David BenedekAs a result of concern for this country’s returning combat veterans, much attention has been devoted to PTSD in the past several years. The Department of Defense and Department of Veterans Affairs as well as the National Institutes of Health have sponsored a variety of investigations into pharmacological and psychotherapy treatments as well as alternative treatment modalities and methods, according to Col. David Benedek, M.C., who spoke at APA’s 2012 annual meeting in Philadelphia.

Benedek is a professor and deputy chair of the Department of Psychiatry and associate director of the Center for the Study of Traumatic Stress at the Uniformed Services University School of Medicine in Bethesda, Md. He was one of the leaders of a session on psychopharmacology and psychotherapy for PTSD, as well as complementary and alternative approaches for the treatment of PTSD. Benedek also outlined Department of Defense and Veterans Affairs clinical practice guidelines and compared these with APA’s Clinical Practice Guidelines regarding specific management principles for postdeployment-related distress and illness. Benedek and his co-chair, Gary Wynn, M.D., co-editors of APA’s
clinical manual for the management of ptsd, summarized recent and ongoing pharmacotherapy trials for PTSD and also described promising investigations into complementary and alternative treatments—particularly acupuncture. They also shared the podium with Department of Defense and Veterans Affairs experts who addressed advances in understanding the epidemiology of PTSD to include efforts to identify and manage at-risk populations and synthesize the data from previous psychotherapy trials.

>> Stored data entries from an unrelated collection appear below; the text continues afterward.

(* Consider any iteration of the while loop of algorithm Greedy-R, and let $(u,v)$ be the pair chosen in it. Then, with $S$ denoting the current set before $u\otimes v$ is inserted, for every $w\in\widetilde{S}$ we have $$\mathit{ov}(w,u\otimes v)=\mathit{ov}(w,u)\quad\text{and}\quad \mathit{ov}(u\otimes v,w)=\mathit{ov}(v,w).$$
   Context: For strings $x,y$, $\mathit{ov}(x,y)$ is the length of the longest suffix of $x$ that is also a prefix of $y$; $\mathrm{pref}(x,y)$ is $x$ with its suffix of length $\mathit{ov}(x,y)$ removed, and $x\otimes y=\mathrm{pref}(x,y)\,y$. $x^R$ denotes the reversal of $x$. For a set $X$ of strings, $\widetilde{X}=X\cup\{x^R:x\in X\}$. A set $X$ is reverse-factor-free if there are no distinct $x,y\in X$ such that $x$ is a factor of $y$ or of $y^R$. The procedure Make-Reverse-Factor-Free$(X)$ repeatedly removes from the current set a string $x$ for which some other string $y\neq x$ of the current set has $x$ as a factor of $y$ or of $y^R$, until no such string remains. Algorithm Greedy-R$(S)$ on a non-empty finite set of strings: first set $S:=$ Make-Reverse-Factor-Free$(S)$. Then, while $|S|>1$: among all pairs $(u,v)$ with $u,v\in\widetilde{S}$ and $u\notin\{v,v^R\}$, choose one with maximal $\mathit{ov}(u,v)$ (ties broken arbitrarily); set $S:=S\cup\{u\otimes v\}$ and then remove from $S$ all of $u,v,u^R,v^R$ that belong to $S$. Return the only element of $S$. *)

theory Defs
  imports Main "HOL-Library.Sublist"
begin

text \<open>Strings are lists; factor = contiguous sublist (Sublist.sublist).\<close>

definition ov :: "'a list \<Rightarrow> 'a list \<Rightarrow> nat" where
  "ov x y = Max {k. k \<le> length x \<and> k \<le> length y \<and> drop (length x - k) x = take k y}"

definition pref :: "'a list \<Rightarrow> 'a list \<Rightarrow> 'a list" where
  "pref x y = take (length x - ov x y) x"

definition otimes :: "'a list \<Rightarrow> 'a list \<Rightarrow> 'a list" where
  "otimes x y = pref x y @ y"

definition revclose :: "'a list set \<Rightarrow> 'a list set" where
  "revclose X = X \<union> rev ` X"

definition rff :: "'a list set \<Rightarrow> bool" where
  "rff X \<longleftrightarrow> \<not> (\<exists>x\<in>X. \<exists>y\<in>X. x \<noteq> y \<and> (sublist x y \<or> sublist x (rev y)))"

definition mrff_step :: "'a list set \<Rightarrow> 'a list set \<Rightarrow> bool" where
  "mrff_step X X' \<longleftrightarrow> (\<exists>x\<in>X. \<exists>y\<in>X. y \<noteq> x \<and> (sublist x y \<or> sublist x (rev y)) \<and> X' = X - {x})"

text \<open>Possible outputs of Make-Reverse-Factor-Free (nondeterministic choices).\<close>
definition mrff_result :: "'a list set \<Rightarrow> 'a list set \<Rightarrow> bool" where
  "mrff_result X Y \<longleftrightarrow> mrff_step\<^sup>*\<^sup>* X Y \<and> \<not> (\<exists>Z. mrff_step Y Z)"

definition greedy_choice :: "'a list set \<Rightarrow> 'a list \<Rightarrow> 'a list \<Rightarrow> bool" where
  "greedy_choice S u v \<longleftrightarrow> u \<in> revclose S \<and> v \<in> revclose S \<and> u \<notin> {v, rev v} \<and>
     (\<forall>u'\<in>revclose S. \<forall>v'\<in>revclose S. u' \<notin> {v', rev v'} \<longrightarrow> ov u' v' \<le> ov u v)"

definition greedy_step :: "'a list set \<Rightarrow> 'a list set \<Rightarrow> bool" where
  "greedy_step S S' \<longleftrightarrow> card S > 1 \<and> (\<exists>u v. greedy_choice S u v \<and>
     S' = (S \<union> {otimes u v}) - {u, v, rev u, rev v})"

text \<open>S is a current set at the start of some iteration of Greedy-R run on input S0.\<close>
definition greedy_reachable :: "'a list set \<Rightarrow> 'a list set \<Rightarrow> bool" where
  "greedy_reachable S0 S \<longleftrightarrow> finite S0 \<and> S0 \<noteq> {} \<and>
     (\<exists>S1. mrff_result S0 S1 \<and> greedy_step\<^sup>*\<^sup>* S1 S)"

end

theory Submission
  imports Defs
begin

text \<open>
  Along Greedy-R, the reversal closure of the current set stays factor-free, apart from the
  trivial relation between a string and its reversal. This survives a merge because a factor of
  \<open>u \<otimes> v\<close> that lies inside neither \<open>u\<close> nor \<open>v\<close> overlaps \<open>u\<close> by more than \<open>ov u v\<close>,
  contradicting the greedy choice of \<open>(u, v)\<close>. Given the invariant, no \<open>w\<close> in the closure
  properly contains \<open>u\<close>, so a suffix of \<open>w\<close> that is a prefix of \<open>u \<otimes> v\<close> cannot be longer
  than \<open>u\<close>, whence \<open>ov w (u \<otimes> v) = ov w u\<close>; the other equation is the mirror image.
\<close>

lemma finite_overlap_lengths:
  "finite {k. k \<le> length x \<and> k \<le> length y \<and> drop (length x - k) x = take k y}"
  by (rule finite_subset[of _ "{..length x}"]) auto

lemma ov_overlap:
  "ov x y \<le> length x \<and> ov x y \<le> length y \<and> drop (length x - ov x y) x = take (ov x y) y"
proof -
  have "ov x y \<in> {k. k \<le> length x \<and> k \<le> length y \<and> drop (length x - k) x = take k y}"
    unfolding ov_def by (rule Max_in[OF finite_overlap_lengths]) auto
  thus ?thesis by simp
qed

lemma ov_greatest:
  "k \<le> length x \<Longrightarrow> k \<le> length y \<Longrightarrow> drop (length x - k) x = take k y \<Longrightarrow> k \<le> ov x y"
  unfolding ov_def by (rule Max_ge[OF finite_overlap_lengths]) auto

lemma ov_rev: "ov (rev y) (rev x) = ov x y"
proof -
  have "drop (length y - k) (rev y) = take k (rev x) \<longleftrightarrow> drop (length x - k) x = take k y"
    if "k \<le> length x" "k \<le> length y" for k
  proof -
    have "rev (drop (length x - k) x) = take k (rev x)"
      and "rev (take k y) = drop (length y - k) (rev y)"
      using that by (simp_all add: rev_drop rev_take)
    thus ?thesis by (metis rev_rev_ident)
  qed
  hence "{k. k \<le> length (rev y) \<and> k \<le> length (rev x) \<and> drop (length (rev y) - k) (rev y) = take k (rev x)}
       = {k. k \<le> length x \<and> k \<le> length y \<and> drop (length x - k) x = take k y}"
    by auto
  thus ?thesis unfolding ov_def by simp
qed

lemma ov_append_right:
  "ov w (u @ r) = ov w u \<or> (sublist u w \<and> length u < length w)"
proof (cases "ov w (u @ r) \<le> length u")
  case True
  have "drop (length w - ov w (u @ r)) w = take (ov w (u @ r)) u"
    using ov_overlap[of w "u @ r"] True by simp
  hence "ov w (u @ r) \<le> ov w u"
    using True ov_overlap[of w "u @ r"] by (intro ov_greatest) auto
  moreover have "ov w u \<le> ov w (u @ r)"
    using ov_overlap[of w u] by (intro ov_greatest) auto
  ultimately show ?thesis by simp
next
  case False
  have "drop (length w - ov w (u @ r)) w = u @ take (ov w (u @ r) - length u) r"
    using ov_overlap[of w "u @ r"] False by simp
  hence "sublist u (drop (length w - ov w (u @ r)) w)" by simp
  hence "sublist u w"
    using sublist_drop sublist_order.order_trans by blast
  moreover have "length u < length w" using False ov_overlap[of w "u @ r"] by simp
  ultimately show ?thesis by simp
qed

lemma ov_append_left:
  "ov (r @ v) w = ov v w \<or> (sublist v w \<and> length v < length w)"
proof -
  have "ov (rev w) (rev v @ rev r) = ov (rev w) (rev v) \<or>
        (sublist (rev v) (rev w) \<and> length (rev v) < length (rev w))"
    by (rule ov_append_right)
  thus ?thesis by (simp only: rev_append[symmetric] ov_rev length_rev sublist_rev)
qed

lemma otimes_eq_take: "otimes u v = take (length u - ov u v) u @ v"
  unfolding otimes_def pref_def by simp

lemma prefix_otimes: "prefix u (otimes u v)"
proof -
  have "u = take (length u - ov u v) u @ take (ov u v) v"
    using ov_overlap[of u v] append_take_drop_id[of "length u - ov u v" u] by simp
  thus ?thesis unfolding otimes_eq_take by (metis prefix_append take_is_prefix)
qed

lemma suffix_otimes: "suffix v (otimes u v)"
  unfolding otimes_eq_take suffix_def by blast
lemma sublist_otimes_cases:
  assumes "sublist a (otimes u v)"
  shows "sublist a u \<or> sublist a v \<or> ov u v < ov u a"
proof -
  define p where "p = take (length u - ov u v) u"
  have lp: "length p = length u - ov u v" using ov_overlap[of u v] unfolding p_def by simp
  obtain r where ur: "otimes u v = u @ r" using prefix_otimes prefixE by metis
  obtain ps ss where occ: "otimes u v = ps @ a @ ss" using assms unfolding sublist_def by auto
  have pv: "otimes u v = p @ v" by (simp add: otimes_eq_take p_def)
  have u_occ: "u @ r = ps @ a @ ss" using occ ur by simp
  consider "length p \<le> length ps" | "length ps + length a \<le> length u"
    | "length ps < length p" "length u < length ps + length a"
    by linarith
  thus ?thesis
  proof cases
    case 1
    hence "v = drop (length p) ps @ a @ ss" using occ pv by (simp add: append_eq_append_conv_if)
    thus ?thesis by (metis sublist_appendI)
  next
    case 2
    have "u = take (length u) (ps @ a @ ss)" using arg_cong[OF u_occ, of "take (length u)"] by simp
    hence "u = ps @ a @ take (length u - length ps - length a) ss" using 2 by simp
    thus ?thesis by (metis sublist_appendI)
  next
    case 3
    \<comment> \<open>\<open>a\<close> straddles the junction, so the part of \<open>u\<close> from position \<open>length ps\<close> on is a prefix of \<open>a\<close>\<close>
    define m where "m = length u - length ps"
    have drop_ps: "drop (length ps) u @ r = a @ ss"
      using arg_cong[OF u_occ, of "drop (length ps)"] 3 lp by simp
    have "drop (length u - m) u = take m (drop (length ps) u @ r)"
      using 3 lp by (simp add: m_def)
    also have "\<dots> = take m a"
      using 3 by (simp add: drop_ps m_def)
    finally have "drop (length u - m) u = take m a" .
    hence "m \<le> ov u a" using 3 lp by (intro ov_greatest) (auto simp: m_def)
    moreover have "ov u v < m" using 3 lp ov_overlap[of u v] by (simp add: m_def)
    ultimately show ?thesis by simp
  qed
qed

definition revclose_factor_free :: "'a list set \<Rightarrow> bool" where
  "revclose_factor_free S \<longleftrightarrow>
     (\<forall>a\<in>revclose S. \<forall>b\<in>revclose S. b \<notin> {a, rev a} \<longrightarrow> \<not> sublist a b)"

lemma mrff_result_rff:
  assumes "mrff_result S0 S"
  shows "rff S"
proof (rule ccontr)
  assume "\<not> rff S"
  then obtain x y where "x \<in> S" "y \<in> S" "y \<noteq> x" "sublist x y \<or> sublist x (rev y)"
    unfolding rff_def by blast
  hence "mrff_step S (S - {x})" unfolding mrff_step_def by blast
  thus False using assms unfolding mrff_result_def by blast
qed

lemma rff_revclose_factor_free:
  assumes "rff S"
  shows "revclose_factor_free S"
  unfolding revclose_factor_free_def
proof (intro ballI impI notI)
  fix a b assume a: "a \<in> revclose S" and b: "b \<in> revclose S"
    and ab: "b \<notin> {a, rev a}" and "sublist a b"
  obtain x where x: "x \<in> S" "a = x \<or> a = rev x" using a unfolding revclose_def by auto
  obtain y where y: "y \<in> S" "b = y \<or> b = rev y" using b unfolding revclose_def by auto
  have "x \<noteq> y" using x(2) y(2) ab by auto
  moreover have "sublist x y \<or> sublist x (rev y)"
    using \<open>sublist a b\<close> x(2) y(2) by (auto simp: sublist_rev_left)
  ultimately show False using assms x(1) y(1) unfolding rff_def by blast
qed

lemma greedy_choice_no_junction_factor:
  assumes choice: "greedy_choice S u v" and ff: "revclose_factor_free S"
    and a: "a \<in> revclose S" and a_new: "a \<notin> {u, v, rev u, rev v}"
  shows "\<not> sublist a (otimes u v)"
proof
  assume "sublist a (otimes u v)"
  have u: "u \<in> revclose S" and v: "v \<in> revclose S"
    using choice unfolding greedy_choice_def by auto
  have "u \<notin> {a, rev a}" and "v \<notin> {a, rev a}" using a_new by auto
  hence "\<not> sublist a u" and "\<not> sublist a v"
    using ff a u v unfolding revclose_factor_free_def by blast+
  moreover have "ov u a \<le> ov u v"
    using choice a \<open>u \<notin> {a, rev a}\<close> unfolding greedy_choice_def by blast
  ultimately show False using sublist_otimes_cases[OF \<open>sublist a (otimes u v)\<close>] by simp
qed

lemma greedy_step_revclose_factor_free:
  assumes ff: "revclose_factor_free S" and step: "greedy_step S S'"
  shows "revclose_factor_free S'"
proof -
  obtain u v where choice: "greedy_choice S u v"
    and S': "S' = (S \<union> {otimes u v}) - {u, v, rev u, rev v}"
    using step unfolding greedy_step_def by blast
  define t where "t = otimes u v"
  define R where "R = {u, v, rev u, rev v}"
  have old: "c \<in> revclose S" "rev c \<in> revclose S" "c \<notin> R" "rev c \<notin> R"
    if "c \<in> revclose S'" "c \<notin> {t, rev t}" for c
    using that unfolding S' revclose_def t_def R_def by auto
  have not_in_t: "\<not> sublist c t" if "c \<in> revclose S" "c \<notin> R" for c
    using greedy_choice_no_junction_factor[OF choice ff that(1)] that(2)
    unfolding R_def t_def by blast
  have u: "u \<in> revclose S" using choice unfolding greedy_choice_def by auto
  have not_over_t: "\<not> sublist t c" if "c \<in> revclose S" "c \<notin> R" for c
  proof
    assume "sublist t c"
    hence "sublist u c"
      using prefix_otimes unfolding t_def by (metis prefix_imp_sublist sublist_order.order_trans)
    thus False using ff u that unfolding revclose_factor_free_def R_def by auto
  qed
  show ?thesis
    unfolding revclose_factor_free_def
  proof (intro ballI impI notI)
    fix a b assume a: "a \<in> revclose S'" and b: "b \<in> revclose S'"
      and ab: "b \<notin> {a, rev a}" and ab_sub: "sublist a b"
    show False
    proof (cases "a \<in> {t, rev t}")
      case True
      hence "b \<notin> {t, rev t}" using ab by auto
      thus False using True ab_sub old[OF b] not_over_t by (auto simp: sublist_rev_left)
    next
      case False
      show False
      proof (cases "b \<in> {t, rev t}")
        case True
        thus False using False ab_sub old[OF a] not_in_t by (auto simp: sublist_rev_right)
      next
        case b_old: False
        show False using ff ab ab_sub old[OF a False] old[OF b b_old]
          unfolding revclose_factor_free_def by blast
      qed
    qed
  qed
qed

lemma greedy_reachable_revclose_factor_free:
  assumes "greedy_reachable S0 S"
  shows "revclose_factor_free S"
proof -
  obtain S1 where init: "mrff_result S0 S1" and steps: "greedy_step\<^sup>*\<^sup>* S1 S"
    using assms unfolding greedy_reachable_def by blast
  from steps show ?thesis
    by (induction rule: rtranclp_induct)
       (use init in \<open>auto intro: greedy_step_revclose_factor_free rff_revclose_factor_free mrff_result_rff\<close>)
qed

theorem lemma2:
  fixes S0 S :: "'a list set" and u v w :: "'a list"
  assumes "greedy_reachable S0 S"
    and "card S > 1"
    and "greedy_choice S u v"
    and "w \<in> revclose S"
  shows "ov w (otimes u v) = ov w u \<and> ov (otimes u v) w = ov v w"
proof -
  have ff: "revclose_factor_free S"
    using greedy_reachable_revclose_factor_free[OF assms(1)] .
  have u: "u \<in> revclose S" and v: "v \<in> revclose S"
    using assms(3) unfolding greedy_choice_def by auto
  have no_proper_factor: "\<not> (sublist x w \<and> length x < length w)" if "x \<in> revclose S" for x
  proof
    assume "sublist x w \<and> length x < length w"
    moreover from this have "w \<notin> {x, rev x}" by auto
    ultimately show False using ff that assms(4) unfolding revclose_factor_free_def by blast
  qed
  obtain r where "otimes u v = u @ r" using prefix_otimes prefixE by metis
  hence "ov w (otimes u v) = ov w u"
    using ov_append_right[of w u r] no_proper_factor[OF u] by simp
  moreover obtain l where "otimes u v = l @ v" using suffix_otimes suffixE by metis
  hence "ov (otimes u v) w = ov v w"
    using ov_append_left[of l v w] no_proper_factor[OF v] by simp
  ultimately show ?thesis ..
qed

end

Col. Charles Engel, M.C., a psychiatrist in the U.S. Army and an associate professor of psychiatry at the Uniformed Services University School of Medicine, reviewed the most recent findings on the epidemiology of PTSD. He noted large-scale efforts to study the integration of treatment into primary care settings within the military and preliminary data demonstrating the feasibility of doing this. Measurement of outcomes is important to this effort.

Paula Schnurr, Ph.D., the deputy executive director of the VA National Center for PTSD and a research professor of psychiatry at Dartmouth Medical School, described psychotherapy for PTSD including prolonged exposure, cognitive-behavior therapy, stress inoculation therapy, and eye movement desensitization and reprocessing, among others, noting in particular studies demonstrating that psychotherapy appears more effective than medication for combat-related PTSD. She also described research exploring ways to make therapy more effective and deliver therapy through teletechnology—especially important as soldiers return to civilian life and scatter throughout the country in nonurban areas.